Quelques-uns des chants guerriers de Tyrtée nous ont été conservés. Cette poésie mâle et sévère, pleine de mouvement et de chaleur, forte d'idées plutôt que brillante d'images, paraît bien digne des merveilleux effets que lui attribue l'histoire. On peut d'ailleurs remarquer que ces hymnes, d'accord avec les récits les historiens, attestent assez clairement les revers de Lacédémone et la seconde guerre de Messénie ; en général, il y est peu question de victoires ou de conquêtes : la honte d'une vie achetée au prix de l'honneur, la gloire du guerrier mort dans le combat pour la défense de sa Patrie, de son épouse, de ses jeunes enfants, les pleurs promis à sa cendre, l'immortalité réservée à son nom, sont le sujet de ces chants.

(7) La victoire resta enfin aux Lacédémoniens. Les Messéniens, vaincus, se retirèrent sur la côte de Sicile, et s'établirent dans la ville de Zancle. Ils lui donnèrent leur non, qui, altéré par l'orthographe latine, Messina, a conservé jusqu'à nos jours, dans la langue même du pays, son antique forme dorienne, Messana.  (Voyez MITFORD, Hist. of Greece, I, ch. 4.)

(8) Destiné pour toutes les cités, etc. - Voyez CORNELIUS NEPOS, Vie d'Arist., 3.

(9)  D'une flotte qu'ils avaient envoyée en Égypte. Les Égyptiens, alors soulevés contre la Perse, avaient imploré le secours d'Athènes.

(10) Pressée par deux ennemis.
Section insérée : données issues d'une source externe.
(* The Linear aTAM is not intrinsically universal: there is no finite 1D tile set $U$ (and temperature $\tau'$) with computable $\mathcal{R},S$ such that every Linear aTAM system $\mathcal{T}$ is simulated, at some scale $m$ under $\mathcal{R}(\mathcal{T})$, by the Linear aTAM system $(U,S(\mathcal{T}),\tau')$.
   Context: 1D aTAM: a tile type has a west glue and an east glue, each a pair (finite string label, nonnegative integer strength); a tile set is finite. Assemblies are partial functions $\alpha:\mathbb{Z}\dashrightarrow T$ with nonempty interval domain; adjacent tiles interact if the east glue of the left equals the west glue of the right with positive strength; $\alpha$ is $\tau$-stable if every cut between consecutive tiles has strength $\ge\tau$. A system $\mathcal{T}=(T,\sigma,\tau)$ has finite $\tau$-stable seed $\sigma$; growth is by single $\tau$-stable tile additions (finite or infinite sequences, result = limit). The Linear aTAM additionally requires that a tile can be added at empty location $p$ only if there is a path in $\mathbb{Z}$ from $p$ to a point outside the minimal bounding interval of the current assembly avoiding its domain. $\mathcal{A}[\mathcal{T}]$ are producible assemblies, $\mathcal{A}_\Box[\mathcal{T}]$ the producible ones admitting no further tile. Simulation: an $m$-block over $S$ is a partial function $\{0,\dots,m-1\}\dashrightarrow S$; $\alpha^m_x$ is $i\mapsto\alpha(mx+i)$. A partial $R$ from $m$-blocks to $T$ is valid if $\alpha\sqsubseteq\beta$, $\alpha\in\mathrm{dom}R$ imply $R(\beta)=R(\alpha)$; $R^*(\alpha')$ is $x\mapsto R(\alpha'^m_x)$. $\alpha'$ maps cleanly if each nonempty block at $x$ has $x$ or $x\pm1$ in $\mathrm{dom}\,R^*(\alpha')$ (or at most one nonempty block). $\mathcal{S}$ simulates $\mathcal{T}$ under $R$ if: (i) $R^*$ maps $\mathcal{A}[\mathcal{S}]$ onto $\mathcal{A}[\mathcal{T}]$ and $\mathcal{A}_\Box[\mathcal{S}]$ onto $\mathcal{A}_\Box[\mathcal{T}]$, all producible assemblies mapping cleanly; (ii) producible $\alpha'\to^\mathcal{S}\beta'$ implies $R^*(\alpha')\to^\mathcal{T}R^*(\beta')$; (iii) for every $\alpha\in\mathcal{A}[\mathcal{T}]$ there is $\Pi\subset\mathcal{A}[\mathcal{S}]$ with $R^*=\alpha$ on $\Pi$ such that for every producible $\beta$ with $\alpha\to^\mathcal{T}\beta$: each $\alpha'\in\Pi$ produces some $\beta'$ with $R^*(\beta')=\beta$, and whenever producible $\alpha''\to^\mathcal{S}\beta'$ with $R^*(\alpha'')=\alpha$, $R^*(\beta')=\beta$, some $\alpha'\in\Pi$ produces $\alpha''$. *)

theory Defs
  imports Main "HOL-Library.Nat_Bijection"
begin

(* a glue is a pair (label, strength); a tile type is a pair (west glue, east glue) *)
type_synonym glue = "string \<times> nat"
type_synonym tile = "glue \<times> glue"
type_synonym assembly = "int \<Rightarrow> tile option"
type_synonym system = "tile set \<times> assembly \<times> nat"

definition west :: "tile \<Rightarrow> glue" where "west t = fst t"
definition east :: "tile \<Rightarrow> glue" where "east t = snd t"

definition is_assembly :: "assembly \<Rightarrow> bool" where
  "is_assembly \<alpha> \<longleftrightarrow> dom \<alpha> \<noteq> {} \<and>
     (\<forall>x y z. x \<in> dom \<alpha> \<and> z \<in> dom \<alpha> \<and> x \<le> y \<and> y \<le> z \<longrightarrow> y \<in> dom \<alpha>)"

definition cut_strength :: "assembly \<Rightarrow> int \<Rightarrow> nat" where
  "cut_strength \<alpha> i =
     (case (\<alpha> i, \<alpha> (i + 1)) of
        (Some s, Some t) \<Rightarrow> (if east s = west t then snd (east s) else 0)
      | _ \<Rightarrow> 0)"

definition tau_stable :: "nat \<Rightarrow> assembly \<Rightarrow> bool" where
  "tau_stable \<tau> \<alpha> \<longleftrightarrow>
     (\<forall>i. i \<in> dom \<alpha> \<and> i + 1 \<in> dom \<alpha> \<longrightarrow> cut_strength \<alpha> i \<ge> \<tau>)"

definition valid_system :: "system \<Rightarrow> bool" where
  "valid_system S \<longleftrightarrow> (case S of (T, \<sigma>, \<tau>) \<Rightarrow>
     finite T \<and> is_assembly \<sigma> \<and> finite (dom \<sigma>) \<and> ran \<sigma> \<subseteq> T \<and> tau_stable \<tau> \<sigma>)"

(* Linear aTAM condition: there is a path in Z from p to a point q outside the minimal
   bounding interval of dom alpha, avoiding dom alpha; in Z such a path must cover
   the segment between p and q *)
definition linear_ok :: "assembly \<Rightarrow> int \<Rightarrow> bool" where
  "linear_ok \<alpha> p \<longleftrightarrow>
     (\<exists>q. \<not> (\<exists>a\<in>dom \<alpha>. \<exists>b\<in>dom \<alpha>. a \<le> q \<and> q \<le> b) \<and>
          (\<forall>r. min p q \<le> r \<and> r \<le> max p q \<longrightarrow> r \<notin> dom \<alpha>))"

definition lin_step :: "tile set \<Rightarrow> nat \<Rightarrow> assembly \<Rightarrow> assembly \<Rightarrow> bool" where
  "lin_step T \<tau> \<alpha> \<beta> \<longleftrightarrow>
     (\<exists>p t. \<alpha> p = None \<and> t \<in> T \<and> linear_ok \<alpha> p \<and>
            \<beta> = \<alpha>(p \<mapsto> t) \<and> is_assembly \<beta> \<and> tau_stable \<tau> \<beta>)"

definition is_limit :: "(nat \<Rightarrow> assembly) \<Rightarrow> assembly \<Rightarrow> bool" where
  "is_limit f \<beta> \<longleftrightarrow>
     (\<forall>x. (\<beta> x = None \<longleftrightarrow> (\<forall>n. f n x = None)) \<and>
          (\<forall>n t. f n x = Some t \<longrightarrow> \<beta> x = Some t))"

(* alpha produces beta: finite or infinite sequence of single tile additions
   (finite sequences are represented by stuttering), result = limit *)
definition produces :: "tile set \<Rightarrow> nat \<Rightarrow> assembly \<Rightarrow> assembly \<Rightarrow> bool" where
  "produces T \<tau> \<alpha> \<beta> \<longleftrightarrow>
     (\<exists>f. f 0 = \<alpha> \<and> (\<forall>n. f (Suc n) = f n \<or> lin_step T \<tau> (f n) (f (Suc n))) \<and> is_limit f \<beta>)"

definition producible :: "system \<Rightarrow> assembly set" where
  "producible S = (case S of (T, \<sigma>, \<tau>) \<Rightarrow> {\<beta>. produces T \<tau> \<sigma> \<beta>})"

definition terminal :: "system \<Rightarrow> assembly set" where
  "terminal S = (case S of (T, \<sigma>, \<tau>) \<Rightarrow>
     {\<alpha> \<in> producible S. \<not> (\<exists>\<beta>. lin_step T \<tau> \<alpha> \<beta>)})"

definition produces_in :: "system \<Rightarrow> assembly \<Rightarrow> assembly \<Rightarrow> bool" where
  "produces_in S \<alpha> \<beta> = (case S of (T, \<sigma>, \<tau>) \<Rightarrow> produces T \<tau> \<alpha> \<beta>)"

(* an m-block is modelled as a function nat => tile option vanishing outside {0..<m} *)
type_synonym block = "nat \<Rightarrow> tile option"

definition is_block :: "nat \<Rightarrow> tile set \<Rightarrow> block \<Rightarrow> bool" where
  "is_block m U b \<longleftrightarrow> (\<forall>i. m \<le> i \<longrightarrow> b i = None) \<and> ran b \<subseteq> U"

definition block_at :: "nat \<Rightarrow> assembly \<Rightarrow> int \<Rightarrow> block" where
  "block_at m \<alpha> x = (\<lambda>i. if i < m then \<alpha> (int m * x + int i) else None)"

definition valid_repr :: "nat \<Rightarrow> tile set \<Rightarrow> (block \<Rightarrow> tile option) \<Rightarrow> bool" where
  "valid_repr m U R \<longleftrightarrow>
     (\<forall>a b. is_block m U a \<and> is_block m U b \<and> a \<subseteq>\<^sub>m b \<and> R a \<noteq> None \<longrightarrow> R b = R a)"

definition Rstar :: "nat \<Rightarrow> (block \<Rightarrow> tile option) \<Rightarrow> assembly \<Rightarrow> assembly" where
  "Rstar m R \<alpha> = (\<lambda>x. R (block_at m \<alpha> x))"

definition maps_cleanly :: "nat \<Rightarrow> (block \<Rightarrow> tile option) \<Rightarrow> assembly \<Rightarrow> bool" where
  "maps_cleanly m R \<alpha> \<longleftrightarrow>
     (\<forall>x. block_at m \<alpha> x \<noteq> Map.empty \<longrightarrow>
          (\<exists>y\<in>{x - 1, x, x + 1}. y \<in> dom (Rstar m R \<alpha>)))
     \<or> (\<forall>x y. block_at m \<alpha> x \<noteq> Map.empty \<and> block_at m \<alpha> y \<noteq> Map.empty \<longrightarrow> x = y)"

definition simulates :: "system \<Rightarrow> nat \<Rightarrow> (block \<Rightarrow> tile option) \<Rightarrow> system \<Rightarrow> bool" where
  "simulates Ssys m R Tsys \<longleftrightarrow>
     valid_repr m (fst Ssys) R \<and>
     \<comment> \<open>(i)\<close>
     Rstar m R ` producible Ssys = producible Tsys \<and>
     Rstar m R ` terminal Ssys = terminal Tsys \<and>
     (\<forall>\<alpha>' \<in> producible Ssys. maps_cleanly m R \<alpha>') \<and>
     \<comment> \<open>(ii)\<close>
     (\<forall>\<alpha>' \<beta>'. \<alpha>' \<in> producible Ssys \<and> produces_in Ssys \<alpha>' \<beta>' \<longrightarrow>
        produces_in Tsys (Rstar m R \<alpha>') (Rstar m R \<beta>')) \<and>
     \<comment> \<open>(iii)\<close>
     (\<forall>\<alpha> \<in> producible Tsys. \<exists>\<Pi> \<subseteq> producible Ssys.
        (\<forall>\<alpha>' \<in> \<Pi>. Rstar m R \<alpha>' = \<alpha>) \<and>
        (\<forall>\<beta>. \<beta> \<in> producible Tsys \<and> produces_in Tsys \<alpha> \<beta> \<longrightarrow>
           (\<forall>\<alpha>' \<in> \<Pi>. \<exists>\<beta>'. produces_in Ssys \<alpha>' \<beta>' \<and> Rstar m R \<beta>' = \<beta>) \<and>
           (\<forall>\<alpha>'' \<beta>'. \<alpha>'' \<in> producible Ssys \<and> produces_in Ssys \<alpha>'' \<beta>' \<and>
                Rstar m R \<alpha>'' = \<alpha> \<and> Rstar m R \<beta>' = \<beta> \<longrightarrow>
                (\<exists>\<alpha>' \<in> \<Pi>. produces_in Ssys \<alpha>' \<alpha>''))))"

datatype recf = Zero | Succ | Proj nat | Comp recf "recf list" | PrimRec recf recf | Mu recf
Erreur chronologique : la guerre de Messénie était, à cette époque, entièrement terminée.

(11) Et prirent plusieurs villes de l'Achaïe. On a relevé avec raison, dans cette partie de l'histoire de Justin, quelques anachronismes et omissions assez graves. On peut remarquer, entre autres, qu'il n'indique ni la double victoire remportée en un seul jour par Cimon, près du fleuve Eurymédon, ni même la guerre de Corcyre et de Corinthe, épisode important de la guerre du Péloponnèse.
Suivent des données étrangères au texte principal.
(* For every integer $\ell\ge 0$ and every $\mathbf z=(z_1,\dots,z_{K-1})\in[0,1]^{K-1}$, $$G_\ell(z_1,\dots,z_{K-1})=(1-r)\,\zeta_-(z_1,\dots,z_{K-1})^{\ell}\prod_{\kappa=1}^{K-1}\frac{1-z_\kappa\,\zeta_-(z_1,\dots,z_\kappa)}{1-z_\kappa\,\zeta_-(z_1,\dots,z_{\kappa-1})},$$ and all denominators in this product are strictly positive on $[0,1]^{K-1}$. In particular $P(\mathbf 0)=G_0(0,\dots,0)=1-r$ and $G_\ell=G_0\cdot\zeta_-(z_1,\dots,z_{K-1})^\ell$.
   Context: Fix integers $c\ge 1$, $K\ge 2$ and reals $r_1,\dots,r_K>0$ with $r=\sum_{k=1}^K r_k<1$ (here $r_k=\lambda_k/(c\mu)$ for an M/M/$c$ queue with $K$ non-preemptive priority levels, level 1 the highest, Poisson arrival rates $\lambda_k$ and common exponential service rate $\mu$). Write $\sigma_k=\sum_{j=1}^k r_j$ ($\sigma_0=0$, $\sigma_K=r$), $\mathbf e_\kappa$ for the standard unit vectors of $\mathbb Z^K$, $\delta_{ij}$ for the Kronecker delta. Consider the equations for $(p_{\mathbf n})_{\mathbf n\in\mathbb N_0^K}$, with the convention $p_{\mathbf n}=0$ if some component of $\mathbf n$ is negative: $$(1+r)p_{\mathbf n}=\Big(\prod_{j=1}^K\delta_{0n_j}\Big)p_{\mathbf n}+\sum_{\kappa=1}^K\Big[r_\kappa p_{\mathbf n-\mathbf e_\kappa}+\Big(\prod_{j=1}^{\kappa-1}\delta_{0n_j}\Big)p_{\mathbf n+\mathbf e_\kappa}\Big],\quad \mathbf n\in\mathbb N_0^K .$$ These are the stationary balance equations for the states in which all $c$ servers are busy and $n_\kappa$ clients of level $\kappa$ wait in the queue; their nonnegative summable solutions form a one-dimensional cone, and $P$ denotes the unique solution with $\sum_{\mathbf n}P(\mathbf n)=1$ (the joint queue-length distribution conditional on all servers busy). For $\kappa=0,1,\dots,K-1$ and $z_1,\dots,z_\kappa\in[0,1]$ define $\beta(z_1,\dots,z_\kappa)=\sum_{k=1}^\kappa z_k r_{K+1-k}$ (so $\beta()=0$) and $$\zeta_\pm(z_1,\dots,z_\kappa)=\tfrac12\Big[1+r-\beta\pm\sqrt{(1+r-\beta)^2-4\sigma_{K-\kappa}}\Big],\quad \beta=\beta(z_1,\dots,z_\kappa),$$ the two real roots of $\zeta^2-(1+r-\beta)\zeta+\sigma_{K-\kappa}=0$ (the discriminant is positive there); in particular $\zeta_+()=1$, $\zeta_-()=r$. For $\ell\ge0$ define the generating function $$G_\ell(z_1,\dots,z_{K-1})=\sum_{n_2,\dots,n_K\ge0}P(\ell,n_2,\dots,n_K)\prod_{j=2}^K z_{K+1-j}^{\,n_j},$$ so $z_1$ is paired with the lowest level $K$ and $z_{K-1}$ with level $2$. *)

theory Defs
  imports "HOL-Analysis.Analysis"
begin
(12) La Sicile devint alors le théâtre des hostilités. An de R. 328.

LIVRE QUATRIÈME.

(1) Et qu'elle en fut détachée. L'opinion que présente ici Justin paraît avoir été universellement adoptée par les anciens ; je me bornerai à citer les vers admirables où Virgile décrit ce phénomène : Énéide, III, 417 :

Haec loca, vi quondam et magna convulsa ruina,
Tantum aevi longinqua valet mutare vetustas!
Dissiluisse ferunt : quum protenus utraque tellus
Una foret : venit medio vi pontus, et undis
Hesperium Siculo latus abscidït, arvaque et urbes
Litore diductas angusto interluit aestu.

(2) D'un mot grec qui signifie rompu : Rhêgion, de rhêguô, rhêgnumi, rompre, briser.

(3) Trinacrie. Tris akra, trois promontoires. Les épithètes poétiques de tricuspis, tricervix, données quelquefois à la Sicile, rappellent et expliquent son premier nom. 
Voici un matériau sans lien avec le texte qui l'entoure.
(* Let $g:\mathbb{R}\to[0,+\infty)$ be lower semicontinuous and assume there are $a_1>0$, $a_2\in\mathbb{R}$ with $g(\delta)\ge a_1|\delta|+a_2$ for all $\delta\in\mathbb{R}$. Let $f:\mathbb{R}^{N\times N}\to[0,+\infty)$, $f(\xi)=g(\det\xi)$. If $f$ is ${\rm curl}$-$\infty$ quasiconvex, then $g$ is level convex; hence $f$ is polyquasiconvex.
   Context: $Q:=(-\tfrac12,\tfrac12)^N$. A non-negative Borel $f:\mathbb{R}^{N\times N}\to[0,\infty)$ is ${\rm curl}$-$\infty$ quasiconvex if $f(\xi)=\lim_{p\to\infty}\inf\{(\int_Qf^p(\xi+Du(x))dx)^{1/p}:u\in W^{1,\infty}_{\rm per}(Q;\mathbb{R}^N)\}$ for every $\xi$, with $W^{1,\infty}_{\rm per}$ the $Q$-periodic functions in $W^{1,\infty}(\mathbb{R}^N;\mathbb{R}^N)$. Level convex: $g(\lambda s+(1-\lambda)t)\le\max\{g(s),g(t)\}$. Polyquasiconvex: $f=h\circ T$ with $h$ level convex and $T(\xi)$ the vector of all minors of $\xi$. *)

theory Defs
  imports "HOL-Analysis.Analysis"
begin

definition lsc :: "(real \<Rightarrow> real) \<Rightarrow> bool" where
  "lsc g \<longleftrightarrow> (\<forall>x c. c < g x \<longrightarrow> (\<forall>\<^sub>F y in at x. c < g y))"

definition level_convex_real :: "(real \<Rightarrow> real) \<Rightarrow> bool" where
  "level_convex_real g \<longleftrightarrow>
     (\<forall>s t l. 0 \<le> l \<and> l \<le> 1 \<longrightarrow> g (l * s + (1 - l) * t) \<le> max (g s) (g t))"

definition Qcube :: "(real^'n) set" where
  "Qcube = {x. \<forall>i. - 1/2 < x $ i \<and> x $ i < 1/2}"

text \<open>Q-periodic W^{1,infinity} maps: bounded, Lipschitz, 1-periodic in every coordinate.\<close>
definition W1inf_per :: "((real^'n) \<Rightarrow> (real^'n)) set" where
  "W1inf_per = {u. bounded (range u) \<and> (\<exists>L. L-lipschitz_on UNIV u)
                  \<and> (\<forall>x i. u (x + axis i 1) = u x)}"

text \<open>Gradient (Jacobian matrix, (Du)_{ij} = d u_i / d x_j), defined a.e. by Rademacher.\<close>
definition Dmat :: "((real^'n) \<Rightarrow> (real^'n)) \<Rightarrow> real^'n \<Rightarrow> real^'n^'n" where
  "Dmat u x = matrix (frechet_derivative u (at x))"

definition Lp_term :: "real \<Rightarrow> (real^'n^'n \<Rightarrow> real) \<Rightarrow> real^'n^'n \<Rightarrow> ((real^'n) \<Rightarrow> (real^'n)) \<Rightarrow> ennreal" where
  "Lp_term p f \<xi> u =
     (let I = (\<integral>\<^sup>+ x \<in> Qcube. ennreal (f (\<xi> + Dmat u x) powr p) \<partial>lborel)
      in if I = \<infinity> then \<infinity> else ennreal (enn2real I powr (1 / p)))"

definition curl_inf_qc :: "(real^'n^'n \<Rightarrow> real) \<Rightarrow> bool" where
  "curl_inf_qc f \<longleftrightarrow>
     (\<forall>\<xi>. ((\<lambda>p. INF u \<in> W1inf_per. Lp_term p f \<xi> u) \<longlongrightarrow> ennreal (f \<xi>)) at_top)"

text \<open>Minors: for I, J index sets of equal positive cardinality, the determinant of the
  submatrix with rows I, columns J (both in increasing order), via the Leibniz formula.\<close>
definition inversions :: "('n::{finite,linorder} \<Rightarrow> 'n) \<Rightarrow> 'n set \<Rightarrow> nat" where
  "inversions \<sigma> I = card {(i, i'). i \<in> I \<and> i' \<in> I \<and> i < i' \<and> \<sigma> i' < \<sigma> i}"

definition minor :: "((real, 'n::{finite,linorder}) vec, 'n) vec \<Rightarrow> 'n set \<Rightarrow> 'n set \<Rightarrow> real" where
  "minor \<xi> I J = (\<Sum>\<sigma> \<in> {\<sigma>. bij_betw \<sigma> I J \<and> \<sigma> \<in> extensional I}.
                      (- 1) ^ inversions \<sigma> I * (\<Prod>i\<in>I. \<xi> $ i $ \<sigma> i))"

text \<open>T(xi): vector of all minors, indexed by pairs (I,J) with card I = card J >= 1
  (coordinates outside this index set are 0).\<close>
definition minors_vec :: "((real, 'n::{finite,linorder}) vec, 'n) vec \<Rightarrow> 'n set \<times> 'n set \<Rightarrow> real" where
  "minors_vec \<xi> = (\<lambda>(I, J). if card I = card J \<and> I \<noteq> {} then minor \<xi> I J else 0)"

definition level_convex_fun :: "(('a \<Rightarrow> real) \<Rightarrow> real) \<Rightarrow> bool" where
  "level_convex_fun h \<longleftrightarrow>
     (\<forall>s t l. 0 \<le> l \<and> l \<le> 1 \<longrightarrow>
        h (\<lambda>k. l * s k + (1 - l) * t k) \<le> max (h s) (h t))"

definition polyquasiconvex :: "(((real, 'n::{finite,linorder}) vec, 'n) vec \<Rightarrow> real) \<Rightarrow> bool" where
  "polyquasiconvex f \<longleftrightarrow>
     (\<exists>h :: ('n set \<times> 'n set \<Rightarrow> real) \<Rightarrow> real.
        level_convex_fun h \<and> (\<forall>\<xi>. f \<xi> = h (minors_vec \<xi>)))"

end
(4) N'en a produit un plus grand nombre. Le nombre et la cruauté des tyrans qui déchirèrent la Sicile étaient passés en proverbe: Invidia siculi non invenere tyranni
Majus tormentum.

(5) Aima mieux obéir à un esclave. Hérodote, parlant de ce ministre, l'appelle oiketês, mot qui pourrait désigner, non pas l'esclave, mais l'ami d’Anaxilaüs.

(6) Ils suspendirent pour quelque temps la guerre. - Voyez liv. XVIII, 3  et XIX, 1 et 2.

(7)  S'emparèrent de leur ville. Au rapport de Polybe, ce crime fut commis, non par les vétérans d'Himère, mais par une garnison de 4000 soldats romains chargés de défendre Rhèges contre Pyrrhus et les Carthaginois, l'an de Rome 472 ; bientôt la ville fut reprise par les troupes romaines, et tous les coupables mis à mort (POLYBE, I, 7).

(8) Rappelé pour comparaître devant les juges. - Voyez V, I et CORNELIUS NEPOS, Vie d'Alcibiade.

(9) Et il ajoute l'opprobre de sa captivité, etc. On rapporte que Démosthène et Nicias, tombés tous deux aux mains de l'ennemi, furent mis à mort par le peuple. Voyez Thuc., VII, 82 - 86.